[Opening Data records section]
(* There are two computable trees $P,Q\subseteq2^{<\omega}$ such that $[P]$ and $[Q]$ have the same order type (under the lexicographic order) but there is no computable order isomorphism $h^*:[P]\to[Q]$.
   Context: A tree is a subset of $2^{<\omega}$ closed under initial segments; it is computable if it is a computable set under a standard coding of strings by natural numbers. $[T]$ is the set of infinite binary sequences all of whose finite initial segments lie in $T$, ordered by $X<Y$ iff $X\ne Y$ and $X(n)<Y(n)$ at the first $n$ where they differ. A map $h^*:[P]\to[Q]$ is computable if there is an oracle Turing machine which, given oracle $X\in[P]$, computes $h^*(X)$. *)

theory Defs
  imports Main
begin

datatype recf =
    Zero
  | Succ
  | Proj nat
  | Comp recf "recf list"
  | Prec recf recf
  | Mn recf
  | Orc

inductive reval :: "(nat \<Rightarrow> bool) \<Rightarrow> recf \<Rightarrow> nat list \<Rightarrow> nat \<Rightarrow> bool" where
  zero: "reval A Zero xs 0"
| succ: "reval A Succ (x # xs) (Suc x)"
| proj: "i < length xs \<Longrightarrow> reval A (Proj i) xs (xs ! i)"
| comp: "list_all2 (\<lambda>g y. reval A g xs y) gs ys \<Longrightarrow> reval A f ys z \<Longrightarrow> reval A (Comp f gs) xs z"
| prec0: "reval A f xs y \<Longrightarrow> reval A (Prec f g) (0 # xs) y"
| precS: "reval A (Prec f g) (n # xs) r \<Longrightarrow> reval A g (n # r # xs) y
          \<Longrightarrow> reval A (Prec f g) (Suc n # xs) y"
| mn: "reval A f (n # xs) 0 \<Longrightarrow> (\<forall>m<n. \<exists>v. v \<noteq> 0 \<and> reval A f (m # xs) v)
          \<Longrightarrow> reval A (Mn f) xs n"
| orc: "reval A Orc (x # xs) (if A x then 1 else 0)"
[Closing Data records section]
For the material above, reproduce exactly the lines from the line with "theory Defs" to the line with "< length xs", inclusive, and exclude all others.

§ **Task output**
theory Defs
  imports Main
begin

datatype recf =
    Zero
  | Succ
  | Proj nat
  | Comp recf "recf list"
  | Prec recf recf
  | Mn recf
  | Orc

inductive reval :: "(nat \<Rightarrow> bool) \<Rightarrow> recf \<Rightarrow> nat list \<Rightarrow> nat \<Rightarrow> bool" where
  zero: "reval A Zero xs 0"
| succ: "reval A Succ (x # xs) (Suc x)"
| proj: "i < length xs \<Longrightarrow> reval A (Proj i) xs (xs ! i)"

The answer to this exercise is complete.